BEHIND THE SCREEN (Mutual Studios, 1916), Written and Directed by Charlie Chaplin, stars the legendary comedian with a new profession of employment, that of a stagehand at a movie set where everything goes wrong, thanks to you know who. Produced more in the Mack Sennett slapstick tradition where gags are essence over story, Chaplin's eighth comedy short for the Mutual Company does have enough comedy material to go around for its twenty minutes. Edna Purviance, Chaplin's most frequent co-star, returns, as does his most notable advisory, the giant size Eric Campbell, sans beard. For a change from their previous efforts, Chaplin and Campbell assume character names best describing their physical beings, David and Goliath. Though no such antics of David and Goliath can be found in the Bible, this is the Bible according to Chaplin.

The slight story set in a single day revolves around a stagehand named David (Charlie Chaplin), working as an assistant under Goliath (Eric Campbell).
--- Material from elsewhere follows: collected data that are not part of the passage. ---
(* Fix $-1<\alpha<0$ and a continuously differentiable $f:(0,\infty)\times\mathbb T\to\mathbb R$. Assume there is $T_1<\infty$ with $f(t,x)=0$ for $t\ge T_1$ and that $\|f\|_{C^1(\Omega_{0\bullet})}<\infty$. Let $f_n(t,x)=f(t,x)\varphi_n(t)$, $n\in\mathbb N_0$ (extended by $0$ for $t\le0$). Then there exists a finite constant $C_0$, independent of $\alpha$ and $f$, such that $$|X(f_n)|\le C_0\,2^{-n(1+\alpha)}\,\|f\|_{C^1(\Omega_{0\bullet})}\,\|X\|_{C^\alpha([-1,2]\times\mathbb T)}$$ for all $X\in C^\alpha$ and $n\in\mathbb N_0$.
   Context: $\mathbb T=[-1/2,1/2)$; on $\mathbb R\times\mathbb T$, $d((t,x),(t',x'))=|t-t'|+d_{\mathbb T}(x,x')$, $\mathbb B(z,a)$ the open ball. $\Omega_{0\bullet}=(0,\infty)\times\mathbb T$ and $\|f\|_{C^1(\Omega_{0\bullet})}=\|f\|_{L^\infty(\Omega_{0\bullet})}+\|\partial_tf\|_{L^\infty(\Omega_{0\bullet})}+\|\partial_xf\|_{L^\infty(\Omega_{0\bullet})}$. $\varphi:\mathbb R_+\to[0,1]$ is a smooth function with $\varphi(r)=0$ for $r\notin(1/16,1/4)$ and $\sum_{n\in\mathbb Z}\varphi(2^nr)=1$ for $r>0$; $\varphi_n(r)=\varphi(2^nr)$. For $-1<\alpha<0$: $B_1$ is the set of $g\in C^1_c(\mathbb R\times\mathbb T)$ supported in $\mathbb B(0,1/4)$ with $\|g\|_\infty+\|\partial_tg\|_\infty+\|\partial_xg\|_\infty\le1$; $(S^\delta_zg)(w)=\delta^{-2}g((w-z)/\delta)$ on $\mathbb B(z,\delta)$, $0$ otherwise; for a linear functional $X$ on $C^1_c(\mathbb R\times\mathbb T)$, $\|X\|_{C^\alpha([S,T]\times\mathbb T)}=\sup_{\delta\in(0,1]}\sup_{z\in[S,T]\times\mathbb T}\sup_{g\in B_1}\delta^{-\alpha}|X(S^\delta_zg)|$; $C^\alpha$ is the set of $X$ with this finite for all $S<T$. *)

theory Defs
  imports "HOL-Analysis.Analysis"
begin

(* Points of R x T are pairs (t,x) :: real * real; functions on R x T are
   functions real * real => real that are 1-periodic in x.  T = [-1/2,1/2). *)

definition trep :: "real \<Rightarrow> real" where
  "trep u = u - of_int \<lfloor>u + 1/2\<rfloor>"

definition dT :: "real \<Rightarrow> real \<Rightarrow> real" where
  "dT x y = \<bar>trep (x - y)\<bar>"

definition dRT :: "real \<times> real \<Rightarrow> real \<times> real \<Rightarrow> real" where
  "dRT z w = \<bar>fst z - fst w\<bar> + dT (snd z) (snd w)"

definition ballRT :: "real \<times> real \<Rightarrow> real \<Rightarrow> (real \<times> real) set" where
  "ballRT z a = {w. dRT z w < a}"

definition periodic_x :: "(real \<times> real \<Rightarrow> real) \<Rightarrow> bool" where
  "periodic_x f \<longleftrightarrow> (\<forall>t x. f (t, x + 1) = f (t, x))"

definition pdt :: "(real \<times> real \<Rightarrow> real) \<Rightarrow> real \<times> real \<Rightarrow> real" where
  "pdt f z = frechet_derivative f (at z) (1, 0)"

definition pdx :: "(real \<times> real \<Rightarrow> real) \<Rightarrow> real \<times> real \<Rightarrow> real" where
  "pdx f z = frechet_derivative f (at z) (0, 1)"

definition C1_on :: "(real \<times> real) set \<Rightarrow> (real \<times> real \<Rightarrow> real) \<Rightarrow> bool" where
  "C1_on S f \<longleftrightarrow> (\<forall>z\<in>S. f differentiable (at z)) \<and>
      continuous_on S (pdt f) \<and> continuous_on S (pdx f)"

definition C1c :: "(real \<times> real \<Rightarrow> real) \<Rightarrow> bool" where
  "C1c g \<longleftrightarrow> periodic_x g \<and> C1_on UNIV g \<and> (\<exists>K. \<forall>t x. \<bar>t\<bar> > K \<longrightarrow> g (t, x) = 0)"

definition supnorm :: "(real \<times> real) set \<Rightarrow> (real \<times> real \<Rightarrow> real) \<Rightarrow> real" where
  "supnorm S f = (SUP z\<in>S. \<bar>f z\<bar>)"

definition Omega0 :: "(real \<times> real) set" where
  "Omega0 = {0<..} \<times> {-1/2..<1/2}"

definition C1norm_Omega0 :: "(real \<times> real \<Rightarrow> real) \<Rightarrow> real" where
  "C1norm_Omega0 f = supnorm Omega0 f + supnorm Omega0 (pdt f) + supnorm Omega0 (pdx f)"

definition B1 :: "(real \<times> real \<Rightarrow> real) set" where
  "B1 = {g. C1c g \<and> (\<forall>w. g w \<noteq> 0 \<longrightarrow> w \<in> ballRT (0, 0) (1/4)) \<and>
            supnorm UNIV g + supnorm UNIV (pdt g) + supnorm UNIV (pdx g) \<le> 1}"

definition chart :: "(real \<times> real \<Rightarrow> real) \<Rightarrow> real \<times> real \<Rightarrow> real" where
  "chart g w = (if -1/2 \<le> snd w \<and> snd w < 1/2 then g w else 0)"

definition scaleS :: "real \<Rightarrow> real \<times> real \<Rightarrow> (real \<times> real \<Rightarrow> real) \<Rightarrow> real \<times> real \<Rightarrow> real" where
  "scaleS \<delta> z g w = (if w \<in> ballRT z \<delta>
      then \<delta> powr (-2) * chart g ((fst w - fst z) / \<delta>, trep (snd w - snd z) / \<delta>)
      else 0)"

definition linear_C1c :: "((real \<times> real \<Rightarrow> real) \<Rightarrow> real) \<Rightarrow> bool" where
  "linear_C1c X \<longleftrightarrow> (\<forall>f g a b. C1c f \<longrightarrow> C1c g \<longrightarrow>
      X (\<lambda>w. a * f w + b * g w) = a * X f + b * X g)"

definition holder_vals :: "real \<Rightarrow> ((real \<times> real \<Rightarrow> real) \<Rightarrow> real) \<Rightarrow> real \<Rightarrow> real \<Rightarrow> real set" where
  "holder_vals \<alpha> X S T = {\<delta> powr (-\<alpha>) * \<bar>X (scaleS \<delta> z g)\<bar> | \<delta> z g.
      \<delta> \<in> {0<..1} \<and> z \<in> {S..T} \<times> {-1/2..<1/2} \<and> g \<in> B1}"

definition holder_norm :: "real \<Rightarrow> ((real \<times> real \<Rightarrow> real) \<Rightarrow> real) \<Rightarrow> real \<Rightarrow> real \<Rightarrow> real" where
  "holder_norm \<alpha> X S T = Sup (holder_vals \<alpha> X S T)"

definition Calpha :: "real \<Rightarrow> ((real \<times> real \<Rightarrow> real) \<Rightarrow> real) set" where
  "Calpha \<alpha> = {X. linear_C1c X \<and> (\<forall>S T. S < T \<longrightarrow> bdd_above (holder_vals \<alpha> X S T))}"

definition smooth_on :: "real set \<Rightarrow> (real \<Rightarrow> real) \<Rightarrow> bool" where
  "smooth_on S h \<longleftrightarrow> (\<forall>k. \<forall>r\<in>S. ((deriv ^^ k) h) differentiable (at r))"

end

theory Submission
  imports Defs
begin

(* Since phi vanishes off (1/16, 1/4), f_n lives in the strip 2^-n/16 < t < 2^-n/4.  The
   M = 2^(n+3) bumps cos^2 (pi M trep (x - x_j) / 2) form a partition of unity of the circle and
   cut f_n into M pieces of width about 2^-n in x.  Each piece equals c^2 kappa S^delta_z g with
   c = 2^n, delta = 1/c, z = (5 delta / 32, x_j), g in B_1 and kappa = 1 / ((17 + sup |phi'|) |f|_C1):
   the factor c produced by differentiating phi (c t) is absorbed by the rescaling.  The Hoelder bound
   |X (S^delta_z g)| <= delta^alpha |X| then gives |X (piece)| <= delta^(2 + alpha) |X| / kappa, and
   summing the M = 8/delta pieces leaves delta^(1 + alpha) = 2^(-n (1 + alpha)). *)

lemma trep_bounds: "-1/2 \<le> trep u \<and> trep u < 1/2"
  unfolding trep_def by linarith

lemma trep_unique:
  assumes "-1/2 \<le> v" "v < 1/2" "u = v + of_int k"
  shows "trep u = v"
proof -
  have "\<lfloor>u + 1/2\<rfloor> = k" using assms by (simp add: floor_eq_iff)
  then show ?thesis using assms unfolding trep_def by simp
qed

lemma trep_add_1: "trep (u + 1) = trep u"
  by (rule trep_unique[of _ _ "\<lfloor>u + 1/2\<rfloor> + 1"]) (use trep_bounds[of u] in \<open>auto simp: trep_def\<close>)

lemma trep_id: "-1/2 \<le> v \<Longrightarrow> v < 1/2 \<Longrightarrow> trep v = v"
  by (rule trep_unique[of _ _ 0]) auto

lemma abs_trep_uminus: "\<bar>trep (- u)\<bar> = \<bar>trep u\<bar>"
proof (cases "trep u = -1/2")
  case True
  have "trep (-u) = -1/2"
    by (rule trep_unique[of _ _ "1 - \<lfloor>u + 1/2\<rfloor>"]) (use True in \<open>auto simp: trep_def\<close>)
  then show ?thesis using True by simp
next
  case False
  have "trep (-u) = - trep u"
  proof (rule trep_unique[of _ _ "- \<lfloor>u + 1/2\<rfloor>"])
    show "-1/2 \<le> - trep u" "- trep u < 1/2" using False trep_bounds[of u] by auto
  qed (simp add: trep_def)
  then show ?thesis by simp
qed

lemma dRT_eq: "dRT z w = \<bar>fst z - fst w\<bar> + \<bar>trep (snd w - snd z)\<bar>"
  unfolding dRT_def dT_def using abs_trep_uminus[of "snd w - snd z"] by simp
For the most part, David does all the work, ranging from carrying a dozen chairs at one time to moving heavy props while Goliath sits back, smoking his cigar, eating a dozen pies at once and getting credit for his partner's work. In fact, whenever David takes time to rest, he's accused of loafing by one of the bosses. After the workers go on strike for being awaken after having lunch, David and Goliath remain loyal to their jobs. Also in the studio is a young hopeful (Edna Purviance), wanting to become an actress. Unable to become one, she disguises herself as a carpenter instead. Further confusion arises as the strikers plot to disrupt film production, unaware that David is doing so in his own unintentional way.

BEHIND THE SCREEN is one of those little comedies that needs to be seen more than once to fully appreciate the material provided, ranging from running gags of falling through trap doors to pie throwing on the set. As usual, Chaplin and Campbell make a wonderful pair of opposites: Chaplin being a work slave; Campbell seated, relaxing, snoozing while "supervising." The lunch break sequence has Goliath eating his large assortment of pies while David sneaks in his bites from a fellow worker's (Albert Austin) meal. Although Chaplin has played "fag" on screen in other comedies, this time he passes on the big moment to Eric, and hilariously so, after mistaking Charlie's encounter with the "male" carpenter, Edna. Purviance, whose character in Mary Pickford-type appearance, is introduced in the very first scene asking a director, "Can I be an actress, please?" actually has little to do with the plot until the film's second half. The opening scenes belong to Charlie and Eric on their usual day of work on the movie set, with Charlie upsetting things as the director (Henry Bergman) attempts the impossible, getting his movie finished on schedule.

Music accompaniment differs from various prints from BEHIND THE SCREEN, ranging from piano, orchestration or no scoring at all. Most circulated copies that appeared on public television in the sixties and seventies consisted of ragtime music and sound effects lifted from 1930s reissues. Available on video cassette dating back to the 1980s, and later onto the DVD format, BEHIND THE SCREEN is also one of the many Chaplin short comedies that turns up occasionally on Turner Classic Movies (TCM premiere: December 6, 1999). Aside from the comedy interludes, BEHIND THE SCREEN offers a look back at movie directing back in the early days of motion picture making and the type of humor most commonly found that had audiences in 1916 roaring with laughter, forgetting what the plot is all about in the first place. Next Chaplin Mutual short: THE RINK (1916). (***)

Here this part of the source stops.